But how could coming here have been a mistake, when she had no alternate version of herself?
Work the land for a year
, she thought.
You’re already here, might as well sell a crop and make some of your money back. Then you’ll see. Anyway, you promised Mourning
.

Still, doubts nagged. At eighteen, a year seemed forever. By twenty folks would be calling her an old maid. She might start looking like Iola. What if she started thinking and talking like her?

After the Stubblefields left, Olivia changed into her work clothes and found Mourning in the barn. The last thing she felt like doing was working.

“I’m going for a walk,” she told him.

“A walk?” He looked puzzled. “I thought with the team gone, you gonna help me burn the rest a them stumps.”

“Tomorrow. I’ll help you first thing in the morning. I promise.” She turned toward the trail.

“You keep that shotgun loaded by the door and now you goin’ off alone into the woods without it?” Mourning said to her back.

“I’m not going far. I just need a little time to think.”

Mourning shook his head and grumbled, loudly enough for her to hear, “Think. She gotta think some more. Ever time that girl say, Mourning, I been thinkin’, I know I be in trouble.”

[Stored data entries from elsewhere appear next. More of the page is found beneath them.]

lemma uniform_embedding_if_bilipschitz:
  assumes "A > 0"
    and Lip: "\<And>x y. dist (f x) (f y) \<le> A * dist x y"
    and co_Lip: "\<And>x y. dist x y \<le> A * dist (f x) (f y)"
  shows "uniform_embedding f"
  unfolding uniform_embedding_def
proof
  have upper: "modulus_cont f t \<le> ereal (A * t)" for t
    unfolding modulus_cont_def using Lip \<open>A > 0\<close>
    by (auto intro!: SUP_least order.trans[OF Lip] mult_left_mono)
  have lower: "\<forall>\<^sub>F t in at_right 0. 0 \<le> modulus_cont f t"
    using eventually_at_right_less[of 0] by eventually_elim (simp add: modulus_cont_nonneg)
  have bounded: "\<forall>\<^sub>F t in at_right 0. modulus_cont f t \<le> ereal (A * t)"
    using upper by (intro always_eventually) blast
  have "((\<lambda>t. ereal (A * t)) \<longlongrightarrow> ereal (A * 0)) (at_right 0)"
    by (intro tendsto_intros)
  then have "((\<lambda>t. ereal (A * t)) \<longlongrightarrow> 0) (at_right 0)"
    by (simp add: zero_ereal_def)
  then show "(modulus_cont f \<longlongrightarrow> 0) (at_right 0)"
    by (rule tendsto_sandwich[OF lower bounded tendsto_const])
  show "\<forall>t>0. 0 < modulus_exp f t"
  proof (intro allI impI)
    fix t :: real
    assume "t > 0"
    have "ereal (t / A) \<le> modulus_exp f t"
      unfolding modulus_exp_def
    proof (rule INF_greatest)
      fix p :: "'a \<times> 'a"
      assume "p \<in> {p. t \<le> dist (fst p) (snd p)}"
      then have "t \<le> A * dist (f (fst p)) (f (snd p))"
        using co_Lip[of "fst p" "snd p"] by simp
      then show "ereal (t / A) \<le> ereal (dist (f (fst p)) (f (snd p)))"
        using \<open>A > 0\<close> by (simp add: divide_le_eq mult.commute)
    qed
    moreover have "0 < ereal (t / A)" using \<open>t > 0\<close> \<open>A > 0\<close> by simp
    ultimately show "0 < modulus_exp f t" by (rule order.strict_trans2[rotated])
  qed
qed

lemma is_cover_vimage: "is_cover UNIV \<V> \<Longrightarrow> is_cover UNIV ((\<lambda>V. f -` V) ` \<V>)"
  unfolding is_cover_def by (auto, metis UNIV_I Union_iff)

lemma point_finite_vimage:
  assumes "point_finite \<V>"
  shows "point_finite ((\<lambda>V. f -` V) ` \<V>)"
  unfolding point_finite_def
proof
  fix x
  have "{U \<in> (\<lambda>V. f -` V) ` \<V>. x \<in> U} \<subseteq> (\<lambda>V. f -` V) ` {V \<in> \<V>. f x \<in> V}"
    by auto
  moreover have "finite {V \<in> \<V>. f x \<in> V}"
    using assms unfolding point_finite_def by simp
  ultimately show "finite {U \<in> (\<lambda>V. f -` V) ` \<V>. x \<in> U}"
    by (meson finite_surj)
qed

lemma cover_diam_vimage_le:
  assumes "cover_diam \<V> \<le> ereal s" and "0 \<le> r"
    and expand: "\<And>x y. dist (f x) (f y) \<le> s \<Longrightarrow> dist x y \<le> r"
  shows "cover_diam ((\<lambda>V. f -` V) ` \<V>) \<le> ereal r"
  unfolding cover_diam_def
proof (rule SUP_least)
  fix U
  assume "U \<in> (\<lambda>V. f -` V) ` \<V>"
  then obtain V where V: "V \<in> \<V>" "U = f -` V" by auto
  show "ediam U \<le> ereal r"
  proof (rule ediam_le)
    fix x y
    assume "x \<in> U" "y \<in> U"
    then have "ereal (dist (f x) (f y)) \<le> ediam V"
      using V by (auto intro: dist_le_ediam)
    also have "\<dots> \<le> cover_diam \<V>"
      unfolding cover_diam_def using V by (auto intro: SUP_upper)
    also have "\<dots> \<le> ereal s" by fact
    finally show "ereal (dist x y) \<le> ereal r"
      using expand by simp
  qed (use \<open>0 \<le> r\<close> in simp)
qed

Once she was out of his sight she slowed her pace and then stopped to sit in a small clearing, with her back resting against a tree. It was dark and cool under the canopy of the forest and the rustling of small animals was somehow comforting. A woodpecker ra-ta-tapped in the distance. There was so much life in the world. She looked around her and sighed. It was a beautiful country. No wonder Uncle Scruggs had missed Michigan so much. But not even he had wanted to stay here without his Lydia Ann.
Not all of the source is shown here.